Write out the line that contains "b \<mu>) = micro_writes" and every line after it through the end of the entries, exactly as given and with no other lines.
-- Opening Marker --
lemma card_Collect_less_one: "card {i::nat. i < 1 \<and> P i} = (if P 0 then 1 else 0)"
proof -
  have "{i::nat. i < 1 \<and> P i} = (if P 0 then {0} else {})" by auto
  then show ?thesis by simp
qed

lemma time_of_Suc:
  "time_of M B m x (Suc t) = time_of M B m x t + (if is_io m (run M B m x t) then 0 else 1)"
  using card_Collect_less_add[of t 1 "\<lambda>i. \<not> is_io m (run M B m x i)"]
    card_Collect_less_one[of "\<lambda>i. \<not> is_io m (run M B m x (t + i))"]
  by (simp add: time_of_def)

lemma io_of_Suc:
  "io_of M B m x (Suc t) = io_of M B m x t + (if is_io m (run M B m x t) then 1 else 0)"
  using card_Collect_less_add[of t 1 "\<lambda>i. is_io m (run M B m x i)"]
    card_Collect_less_one[of "\<lambda>i. is_io m (run M B m x (t + i))"]
  by (simp add: io_of_def)

lemma overhead_bounds:
  fixes c T I :: real and t i t' i' K B :: nat
  assumes "real t \<le> c * T" "real i \<le> c * I" "t' \<le> t + K * i" "i' \<le> K * i" "1 \<le> K" "1 \<le> B"
  shows "real t' \<le> (c * K) * (T + B * I)" "real i' \<le> (c * K) * (B * I)"
proof -
  have cT: "0 \<le> c * T" and cI: "0 \<le> c * I" using assms(1,2) of_nat_0_le_iff order_trans by blast+
  have "real t \<le> real K * (c * T)"
    using assms(1,5) cT mult_right_mono[of 1 "real K" "c * T"] by simp
  moreover have "real K * real i \<le> real K * (real B * (c * I))"
    using assms(2,6) cI mult_right_mono[of 1 "real B" "c * I"] by (intro mult_left_mono) auto
  moreover have "real t' \<le> real t + real K * real i" "real i' \<le> real K * real i"
    using assms(3,4) by (simp_all flip: of_nat_mult of_nat_add)
  ultimately show "real t' \<le> (c * K) * (T + B * I)" "real i' \<le> (c * K) * (B * I)"
    by (simp_all add: algebra_simps)
qed

text \<open>A block IO at address \<open>a\<close>, with shadow \<open>y\<close> congruent to \<open>a\<close> modulo \<open>B\<close>, is replayed
  by micro-steps that carry the simulated configuration \<open>(q, vm, h, y)\<close> along: \<open>AlignDown\<close> walks
  down to the block start \<open>a - y mod B\<close>, \<open>ReadCell\<close>/\<open>StoreCell\<close> or
  \<open>PutCell\<close>/\<open>WriteCell\<close>/\<open>NextCell\<close> transfer the \<open>B\<close> cells one at a time, \<open>StepBack\<close>
  returns to \<open>a\<close>, \<open>Probe\<close> walks down at most \<open>probe_limit\<close> cells with a zero test (the
  \<open>Z\<close>-steps) before each step, and \<open>Climb\<close> walks back up to \<open>a\<close>.\<close>

datatype micro = AlignDown nat | ReadCell nat | StoreCell nat | PutCell nat | WriteCell nat
  | NextCell nat | StepBack nat | Probe nat | ZReadNext nat | ZGotNext nat | ZReadHere nat nat
  | ZMark nat nat | ZWriteMark nat nat nat | ZDown nat nat nat | ZUp nat nat nat
  | ZReadBack nat nat nat | ZCompare nat nat nat | ZRestore nat nat nat | ProbeDown nat
  | Climb nat nat nat

fun micro_tag :: "micro \<Rightarrow> nat" where
  "micro_tag (AlignDown _) = 0" | "micro_tag (ReadCell _) = 1" | "micro_tag (StoreCell _) = 2"
| "micro_tag (PutCell _) = 3" | "micro_tag (WriteCell _) = 4" | "micro_tag (NextCell _) = 5"
| "micro_tag (StepBack _) = 6" | "micro_tag (Probe _) = 7" | "micro_tag (ZReadNext _) = 8"
| "micro_tag (ZGotNext _) = 9" | "micro_tag (ZReadHere _ _) = 10" | "micro_tag (ZMark _ _) = 11"
| "micro_tag (ZWriteMark _ _ _) = 12" | "micro_tag (ZDown _ _ _) = 13" | "micro_tag (ZUp _ _ _) = 14"
| "micro_tag (ZReadBack _ _ _) = 15" | "micro_tag (ZCompare _ _ _) = 16"
| "micro_tag (ZRestore _ _ _) = 17" | "micro_tag (ProbeDown _) = 18" | "micro_tag (Climb _ _ _) = 19"

fun micro_args :: "micro \<Rightarrow> nat list" where
  "micro_args (AlignDown a) = [a]" | "micro_args (ReadCell a) = [a]" | "micro_args (StoreCell a) = [a]"
| "micro_args (PutCell a) = [a]" | "micro_args (WriteCell a) = [a]" | "micro_args (NextCell a) = [a]"
| "micro_args (StepBack a) = [a]" | "micro_args (Probe a) = [a]" | "micro_args (ZReadNext a) = [a]"
| "micro_args (ZGotNext a) = [a]" | "micro_args (ZReadHere a b) = [a, b]"
| "micro_args (ZMark a b) = [a, b]" | "micro_args (ZWriteMark a b c) = [a, b, c]"
| "micro_args (ZDown a b c) = [a, b, c]" | "micro_args (ZUp a b c) = [a, b, c]"
| "micro_args (ZReadBack a b c) = [a, b, c]" | "micro_args (ZCompare a b c) = [a, b, c]"
| "micro_args (ZRestore a b c) = [a, b, c]" | "micro_args (ProbeDown a) = [a]"
| "micro_args (Climb a b c) = [a, b, c]"

lemma inj_micro_code: "inj (\<lambda>\<mu>. (micro_tag \<mu>, micro_args \<mu>))"
proof (rule injI)
  fix \<mu> \<nu> :: micro
  show "(micro_tag \<mu>, micro_args \<mu>) = (micro_tag \<nu>, micro_args \<nu>) \<Longrightarrow> \<mu> = \<nu>"
    by (cases \<mu>; cases \<nu>) simp_all
qed

lemma finite_micro_bounded: "finite {\<mu>. \<forall>a\<in>set (micro_args \<mu>). a \<le> K}"
proof -
  have "{\<mu>. \<forall>a\<in>set (micro_args \<mu>). a \<le> K}
      \<subseteq> (\<lambda>\<mu>. (micro_tag \<mu>, micro_args \<mu>)) -` ({..19} \<times> {xs. set xs \<subseteq> {..K} \<and> length xs \<le> 3})"
    (is "_ \<subseteq> ?C")
  proof (intro subsetI)
    fix \<mu> :: micro
    have "micro_tag \<mu> \<le> 19" "length (micro_args \<mu>) \<le> 3" by (cases \<mu>; simp)+
    then show "\<mu> \<in> {\<mu>. \<forall>a\<in>set (micro_args \<mu>). a \<le> K} \<Longrightarrow> \<mu> \<in> ?C" by auto
  qed
  moreover have "finite ({..19::nat} \<times> {xs. set xs \<subseteq> {..K} \<and> length xs \<le> 3})"
    by (intro finite_cartesian_product finite_lists_length_le) auto
  ultimately show ?thesis using inj_micro_code by (meson finite_subset finite_vimageI)
qed

fun micro_reads :: "micro \<Rightarrow> bool" where
  "micro_reads (ReadCell _) = True" | "micro_reads (ZReadNext _) = True"
| "micro_reads (ZReadHere _ _) = True" | "micro_reads (ZReadBack _ _ _) = True"
| "micro_reads _ = False"

fun micro_writes :: "micro \<Rightarrow> bool" where
  "micro_writes (WriteCell _) = True" | "micro_writes (ZWriteMark _ _ _) = True"
| "micro_writes (ZRestore _ _ _) = True" | "micro_writes _ = False"

type_synonym base = "nat \<times> (nat \<Rightarrow> nat) \<times> nat \<times> nat"

datatype sim_st = Accept | Junk | Sim base | Macro base micro

fun sim_reads :: "sim_st \<Rightarrow> bool" where
  "sim_reads (Macro b \<mu>) = micro_reads \<mu>" | "sim_reads _ = False"

fun sim_writes :: "sim_st \<Rightarrow> bool" where
  "sim_writes (Macro b \<mu>) = micro_writes \<mu>" | "sim_writes _ = False"

lemma sim_reads_not_writes: "sim_reads s \<Longrightarrow> \<not> sim_writes s"
  by (cases s rule: sim_reads.cases) (auto elim: micro_reads.elims)

definition fresh_symbol :: "nat \<Rightarrow> nat \<Rightarrow> nat" where
  "fresh_symbol u s = (if 0 \<noteq> u \<and> 0 \<noteq> s then 0 else if 1 \<noteq> u \<and> 1 \<noteq> s then 1 else 2)"

lemma fresh_symbol: "fresh_symbol u s \<noteq> u" "fresh_symbol u s \<noteq> s" "fresh_symbol u s \<le> 2"
  by (auto simp: fresh_symbol_def)

locale bt_machine =
  fixes \<Sigma> :: "nat set" and M B :: nat and m :: tlm
  assumes well_formed: "well_formed \<Sigma> m" and B_pos: "0 < B" and B_dvd_M: "B dvd M" and M_pos: "0 < M"
begin

lemma wf_facts:
  "finite (states m)" "finite (gam m)" "0 \<in> gam m" "\<Sigma> \<subseteq> gam m - {0}"
  "q0 m \<in> states m" "qacc m \<in> states m" "rdst m \<inter> wrst m = {}" "qacc m \<notin> rdst m" "qacc m \<notin> wrst m"
  "\<And>q g. q \<in> states m \<Longrightarrow> g \<in> gam m \<Longrightarrow> fst (delta m q g) \<in> states m"
  "\<And>q g. q \<in> states m \<Longrightarrow> g \<in> gam m \<Longrightarrow> fst (snd (delta m q g)) \<in> gam m"
  "\<And>q. q \<in> states m \<Longrightarrow> fst (ionext m q) \<in> states m"
  using well_formed unfolding well_formed_def blank_def by auto

definition mem_space :: "(nat \<Rightarrow> nat) set" where
  "mem_space = {vm. (\<forall>i<M. vm i \<in> gam m) \<and> (\<forall>i\<ge>M. vm i = 0)}"

lemma finite_mem_space: "finite mem_space"
proof -
  have "mem_space = {vm. \<forall>i. (i \<in> {..<M} \<longrightarrow> vm i \<in> gam m) \<and> (i \<notin> {..<M} \<longrightarrow> vm i = 0)}"
    by (auto simp: mem_space_def not_less)
  then show ?thesis using finite_set_of_finite_funs[of "{..<M}" "gam m" 0] wf_facts(2) by simp
qed

lemma mem_space_gam: "vm \<in> mem_space \<Longrightarrow> vm i \<in> gam m"
  using wf_facts(3) by (cases "i < M") (auto simp: mem_space_def)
-- Closing Marker --
TASK SOLUTION.
  "sim_writes (Macro b \<mu>) = micro_writes \<mu>" | "sim_writes _ = False"

lemma sim_reads_not_writes: "sim_reads s \<Longrightarrow> \<not> sim_writes s"
  by (cases s rule: sim_reads.cases) (auto elim: micro_reads.elims)

definition fresh_symbol :: "nat \<Rightarrow> nat \<Rightarrow> nat" where
  "fresh_symbol u s = (if 0 \<noteq> u \<and> 0 \<noteq> s then 0 else if 1 \<noteq> u \<and> 1 \<noteq> s then 1 else 2)"

lemma fresh_symbol: "fresh_symbol u s \<noteq> u" "fresh_symbol u s \<noteq> s" "fresh_symbol u s \<le> 2"
  by (auto simp: fresh_symbol_def)

locale bt_machine =
  fixes \<Sigma> :: "nat set" and M B :: nat and m :: tlm
  assumes well_formed: "well_formed \<Sigma> m" and B_pos: "0 < B" and B_dvd_M: "B dvd M" and M_pos: "0 < M"
begin

lemma wf_facts:
  "finite (states m)" "finite (gam m)" "0 \<in> gam m" "\<Sigma> \<subseteq> gam m - {0}"
  "q0 m \<in> states m" "qacc m \<in> states m" "rdst m \<inter> wrst m = {}" "qacc m \<notin> rdst m" "qacc m \<notin> wrst m"
  "\<And>q g. q \<in> states m \<Longrightarrow> g \<in> gam m \<Longrightarrow> fst (delta m q g) \<in> states m"
  "\<And>q g. q \<in> states m \<Longrightarrow> g \<in> gam m \<Longrightarrow> fst (snd (delta m q g)) \<in> gam m"
  "\<And>q. q \<in> states m \<Longrightarrow> fst (ionext m q) \<in> states m"
  using well_formed unfolding well_formed_def blank_def by auto

definition mem_space :: "(nat \<Rightarrow> nat) set" where
  "mem_space = {vm. (\<forall>i<M. vm i \<in> gam m) \<and> (\<forall>i\<ge>M. vm i = 0)}"

lemma finite_mem_space: "finite mem_space"
proof -
  have "mem_space = {vm. \<forall>i. (i \<in> {..<M} \<longrightarrow> vm i \<in> gam m) \<and> (i \<notin> {..<M} \<longrightarrow> vm i = 0)}"
    by (auto simp: mem_space_def not_less)
  then show ?thesis using finite_set_of_finite_funs[of "{..<M}" "gam m" 0] wf_facts(2) by simp
qed

lemma mem_space_gam: "vm \<in> mem_space \<Longrightarrow> vm i \<in> gam m"
  using wf_facts(3) by (cases "i < M") (auto simp: mem_space_def)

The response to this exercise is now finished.